CEOs' political ideologies are evident manifestations of their different personal views. Each CEO may exercise different powers according to their organizational outcomes. In fact, their political ideologies are expected to influence their preferences for the CSR outcomes. Proponents argue that politically liberal CEOs will envision the practice of CSR as beneficial and desirable to increase a firm's reputation. They tend to focus more on how the firm can meet the needs of the society. As a consequence, they will advance with the practice of CSR while adding value to the firm. On the other hand, property rights may be more relevant to conservative CEOs. Since conservatives tend to value free markets, individualism and call for a respect of authority, they will not likely envision this practice as often as those identifying as liberals might.

The financials of the company and the practice of CSR also have a positive relationship.
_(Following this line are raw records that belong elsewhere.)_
lemma artanh_over_X_inverse_power_nth:
  assumes "1 \<le> g"
  shows "(inverse artanh_over_X ^ (2*g - 1)) $ (2*g) = (1 - real (2*g)) * 2 ^ (2*g) * bernoulli_gf $ (2*g)"
proof -
  define S where "S = fps_X_coth - fps_X * fps_deriv fps_X_coth"
  define V where "V = inverse artanh_over_X"
  have r0: "artanh_over_X $ 0 \<noteq> 0" by (simp add: artanh_over_X_def)
  have "(S oo fps_artanh) * (V ^ Suc (2*g) * fps_deriv fps_artanh) = artanh_over_X ^ 2 * V ^ Suc (2*g)"
    using fps_X_coth_lagrange_numerator by (simp add: S_def algebra_simps)
  also have "\<dots> = (artanh_over_X * V) ^ 2 * V ^ (2*g - 1)"
    using assms by (simp add: power_mult_distrib power_add[symmetric])
  also have "artanh_over_X * V = 1"
    using r0 by (simp add: V_def inverse_mult_eq_1')
  finally have "V ^ (2*g - 1) = (S oo fps_artanh) * (V ^ Suc (2*g) * fps_deriv fps_artanh)"
    by simp
  moreover have "fps_deriv fps_artanh = artanh_over_X + fps_X * fps_deriv artanh_over_X"
    by (simp add: fps_artanh_def)
  ultimately have "(V ^ (2*g - 1)) $ (2*g) = S $ (2*g)"
    using fps_lagrange_inversion[OF r0, of S "2*g", folded fps_artanh_def V_def] by simp
  also have "S $ (2*g) = (1 - real (2*g)) * 2 ^ (2*g) * bernoulli_gf $ (2*g)"
    unfolding S_def fps_X_coth_lagrange_numerator_nth using assms by simp
  finally show ?thesis by (simp only: V_def)
qed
Moreover, the performance of a company tends to influence conservatives more likely than liberals. While not seeing it from the financial performance point of view, liberals tend to hold a view that CSR adds to the business triple bottom line. For instance, when the company is performing well, they will most likely promote CSR. If the company is not performing as expected, they will rather tend to emphasize this practice because they will potentially envision it as a way to add value to the business. In contrast, politically conservative CEOs will tend to support the practice of CSR if they hold a view that it will provide a good return to the financials of the company. In other words, this type of executives tend to not see the outcome of CSR as a value to the company if it does not provide anything in exchange.

Misdirection

There have been unsubstantiated social efforts, ethical claims, and outright greenwashing by some companies that has resulted in increasing consumer cynicism and mistrust. Sometimes companies use CSR to direct public attention away from other, harmful business practices. For example, McDonald's Corporation positioned its association with Ronald McDonald House and other children's charities as CSR while its meals have been accused of promoting poor eating habits.

Acts which may initially appear to be altruistic CSR may have ulterior motives. The funding of scientific research projects has been used as a source of misdirection by firms. Prusiner, who discovered the protein responsible of CJD and won of the 1997 Nobel prize in Medicine, thanks the tobacco company RJ Reynolds for their crucial support. RJ Reynolds funded the research into CJD. Proctor states that "the tobacco industry was the leading funder of research into genetics, viruses, immunology, air pollution" anything which formed a distraction from the well-established research linking smoking and cancer.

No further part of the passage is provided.